lemma psd_matrix_vector_norm_le:
  fixes B :: "real^'n^'n"
  assumes sym: "transpose B = B" and psd: "loewner_le 0 B" and ub: "loewner_le B (mat h)"
  shows "norm (B *v u) \<le> h * norm u"
proof -
  let ?b = "B *v u"
  have lb: "0 \<le> x \<bullet> (B *v x)" and ub: "x \<bullet> (B *v x) \<le> h * (x \<bullet> x)" for x
    using psd ub by (simp_all add: loewner_le_0_iff loewner_le_mat_iff)
  have h: "0 \<le> h"
    using order.trans[OF lb ub, of "axis undefined 1"] by (simp add: inner_axis_axis)
  have "(norm ?b)\<^sup>2 * (norm ?b)\<^sup>2 = (?b \<bullet> (B *v u))\<^sup>2"
    by (metis dot_square_norm power2_eq_square)
  also have "\<dots> \<le> (?b \<bullet> (B *v ?b)) * (u \<bullet> (B *v u))"
    by (rule psd_Cauchy_Schwarz[OF sym psd])
  also have "\<dots> \<le> (h * (?b \<bullet> ?b)) * (h * (u \<bullet> u))"
    by (rule mult_mono[OF ub ub mult_nonneg_nonneg[OF h inner_ge_zero] lb])
  also have "\<dots> = (h * norm u)\<^sup>2 * (norm ?b)\<^sup>2"
    by (simp add: dot_square_norm power_mult_distrib power2_eq_square)
  finally have "(norm ?b)\<^sup>2 * (norm ?b)\<^sup>2 \<le> (h * norm u)\<^sup>2 * (norm ?b)\<^sup>2" .
  from mult_right_le_imp_le[OF this] have "(norm ?b)\<^sup>2 \<le> (h * norm u)\<^sup>2"
    by (cases "?b = 0") simp_all
  then show ?thesis using h by (simp add: power2_le_iff_abs_le)
qed

lemma psd_add_mat_inner_ge:
  fixes B :: "real^'n^'n"
  assumes "loewner_le 0 B"
  shows "lam * (u \<bullet> u) \<le> u \<bullet> ((B + mat lam) *v u)"
  using assms
  by (simp add: loewner_le_0_iff matrix_vector_mult_add_rdistrib mat_matrix_vector_mult inner_add_right)

lemma psd_add_mat_norm_le:
  fixes B :: "real^'n^'n"
  assumes "transpose B = B" "loewner_le 0 B" "loewner_le B (mat h)" and lam: "0 \<le> lam"
  shows "norm ((B + mat lam) *v u) \<le> (h + lam) * norm u"
proof -
  have "norm ((B + mat lam) *v u) \<le> norm (B *v u) + lam * norm u"
    using norm_triangle_ineq[of "B *v u" "lam *\<^sub>R u"] lam
    by (simp add: matrix_vector_mult_add_rdistrib mat_matrix_vector_mult)
  also have "\<dots> \<le> (h + lam) * norm u"
    using psd_matrix_vector_norm_le[OF assms(1-3)] by (simp add: algebra_simps)
  finally show ?thesis .
qed

lemma invertible_psd_add_mat:
  fixes B :: "real^'n^'n"
  assumes psd: "loewner_le 0 B" and lam: "0 < lam"
  shows "invertible (B + mat lam)"
proof -
  have "inj ((*v) (B + mat lam))"
    unfolding linear_injective_0[OF matrix_vector_mul_linear]
  proof (intro allI impI)
    fix z assume "(B + mat lam) *v z = 0"
    then have "lam * (z \<bullet> z) \<le> 0" using psd_add_mat_inner_ge[OF psd, of lam z] by simp
    then show "z = 0" using lam by (metis inner_gt_zero_iff mult_pos_pos not_le)
  qed
  then show ?thesis
    by (metis invertible_left_inverse matrix_left_invertible_injective)
qed

lemma regularized_inverse_bounds:
  fixes B :: "real^'n^'n"
  assumes sym: "transpose B = B" and psd: "loewner_le 0 B" and ub: "loewner_le B (mat h)"
    and a: "0 < a" and lam_lb: "1 / a \<le> lam" and lam_ub: "lam \<le> 2 / a" and ah: "a * h \<le> 1/4"
  shows "(8/25) * a * (v \<bullet> v) \<le> v \<bullet> (matrix_inv (B + mat lam) *v v)"
    and "norm (matrix_inv (B + mat lam) *v v) \<le> a * norm v"
proof -
  have lam: "0 < lam" using a lam_lb by (smt (verit) divide_pos_pos)
  define u where "u = matrix_inv (B + mat lam) *v v"
  have v: "v = (B + mat lam) *v u"
    using matrix_inv_right[OF invertible_psd_add_mat[OF psd lam]]
    by (simp add: u_def matrix_vector_mul_assoc)
  have coercive: "lam * (norm u)\<^sup>2 \<le> v \<bullet> u"
    using psd_add_mat_inner_ge[OF psd, of lam u] v by (simp add: power2_norm_eq_inner inner_commute)
  have v_le: "norm v \<le> (h + lam) * norm u"
    using psd_add_mat_norm_le[OF sym psd ub less_imp_le[OF lam]] v by simp
  have "(lam * norm u) * norm u \<le> norm v * norm u"
    using coercive Cauchy_Schwarz_ineq2[of v u] by (simp add: power2_eq_square mult.assoc)
  then have "lam * norm u \<le> norm v"
    by (cases "u = 0") (auto elim!: mult_right_le_imp_le)
  then have "norm u \<le> (1 / lam) * norm v"
    using lam by (simp add: field_simps)
  also have "\<dots> \<le> a * norm v"
    using lam_lb a lam by (intro mult_right_mono) (auto simp: field_simps)
  finally show "norm (matrix_inv (B + mat lam) *v v) \<le> a * norm v"
    by (simp add: u_def)
  \<comment> \<open>\<open>a h \<le> 1/4 \<le> a lam / 4\<close> gives \<open>h + lam \<le> 5 lam / 4\<close>,
    and \<open>(8/25) a (5 lam / 4)\<^sup>2 = a lam\<^sup>2 / 2 \<le> lam\<close>\<close>
  have "1 \<le> a * lam"
    using lam_lb a by (simp add: field_simps)
  then have "a * (4 * h) \<le> a * lam"
    using ah by linarith
  then have "h + lam \<le> (5/4) * lam"
    using a by (simp add: mult_le_cancel_left_pos)
  have "v \<bullet> v \<le> ((h + lam) * norm u)\<^sup>2"
    using v_le by (simp add: dot_square_norm power_mono)
  also have "\<dots> \<le> ((5/4) * lam * norm u)\<^sup>2"
    using order_trans[OF norm_ge_zero v_le] \<open>h + lam \<le> _\<close>
    by (intro power_mono mult_right_mono) auto
  finally have "(8/25) * a * (v \<bullet> v) \<le> (8/25) * a * ((5/4) * lam * norm u)\<^sup>2"
    using a by simp
  also have "\<dots> = (a * lam / 2) * (lam * (norm u)\<^sup>2)"
    by (simp add: power2_eq_square)
  also have "\<dots> \<le> lam * (norm u)\<^sup>2"
    using lam_ub a lam by (intro mult_left_le_one_le) (auto simp: field_simps)
  finally show "(8/25) * a * (v \<bullet> v) \<le> v \<bullet> (matrix_inv (B + mat lam) *v v)"
    using coercive by (simp add: u_def)
qed

lemma Lipschitz_gradient_descent_lemma:
  fixes f :: "'a::real_inner \<Rightarrow> real"
  assumes deriv: "\<And>x. (f has_derivative (\<lambda>d. G x \<bullet> d)) (at x)"
    and lip: "\<And>x y. norm (G x - G y) \<le> L * norm (x - y)"
  shows "f (x + d) \<le> f x + G x \<bullet> d + L / 2 * (norm d)\<^sup>2"
proof -
  define phi where "phi t = f (x + t *\<^sub>R d) - t * (G x \<bullet> d) - L / 2 * t\<^sup>2 * (norm d)\<^sup>2" for t
  have phi_deriv: "(phi has_real_derivative (G (x + t *\<^sub>R d) - G x) \<bullet> d - L * t * (norm d)\<^sup>2) (at t)"
    for t
  proof -
    have "((\<lambda>t. f (x + t *\<^sub>R d)) has_derivative (\<lambda>s. G (x + t *\<^sub>R d) \<bullet> (s *\<^sub>R d))) (at t)"
      by (rule has_derivative_compose[OF _ deriv]) (auto intro!: derivative_eq_intros)
    then have "((\<lambda>t. f (x + t *\<^sub>R d)) has_real_derivative G (x + t *\<^sub>R d) \<bullet> d) (at t)"
      by (rule has_derivative_imp_has_field_derivative) simp
    then show ?thesis
      unfolding phi_def by (auto intro!: derivative_eq_intros simp: inner_diff_left)
  qed
  have "phi 1 \<le> phi 0"
  proof (rule DERIV_nonpos_imp_nonincreasing[of 0 1 phi])
    fix t :: real assume t: "0 \<le> t" "t \<le> 1"
    have "(G (x + t *\<^sub>R d) - G x) \<bullet> d \<le> norm (G (x + t *\<^sub>R d) - G x) * norm d"
      by (rule norm_cauchy_schwarz)
    also have "\<dots> \<le> L * norm (t *\<^sub>R d) * norm d"
      using lip[of "x + t *\<^sub>R d" x] by (intro mult_right_mono) auto
    also have "\<dots> = L * t * (norm d)\<^sup>2" using t by (simp add: power2_eq_square)
    finally have "(G (x + t *\<^sub>R d) - G x) \<bullet> d - L * t * (norm d)\<^sup>2 \<le> 0" by simp
    with phi_deriv show "\<exists>y. (phi has_real_derivative y) (at t) \<and> y \<le> 0" by blast
  qed simp
  then show ?thesis unfolding phi_def by simp
qed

——

#### What to produce
The lines to reproduce run from the line containing "with phi_deriv show" to the end of the listing; write them out exactly and add nothing.

#### Answer space
    with phi_deriv show "\<exists>y. (phi has_real_derivative y) (at t) \<and> y \<le> 0" by blast
  qed simp
  then show ?thesis unfolding phi_def by simp
qed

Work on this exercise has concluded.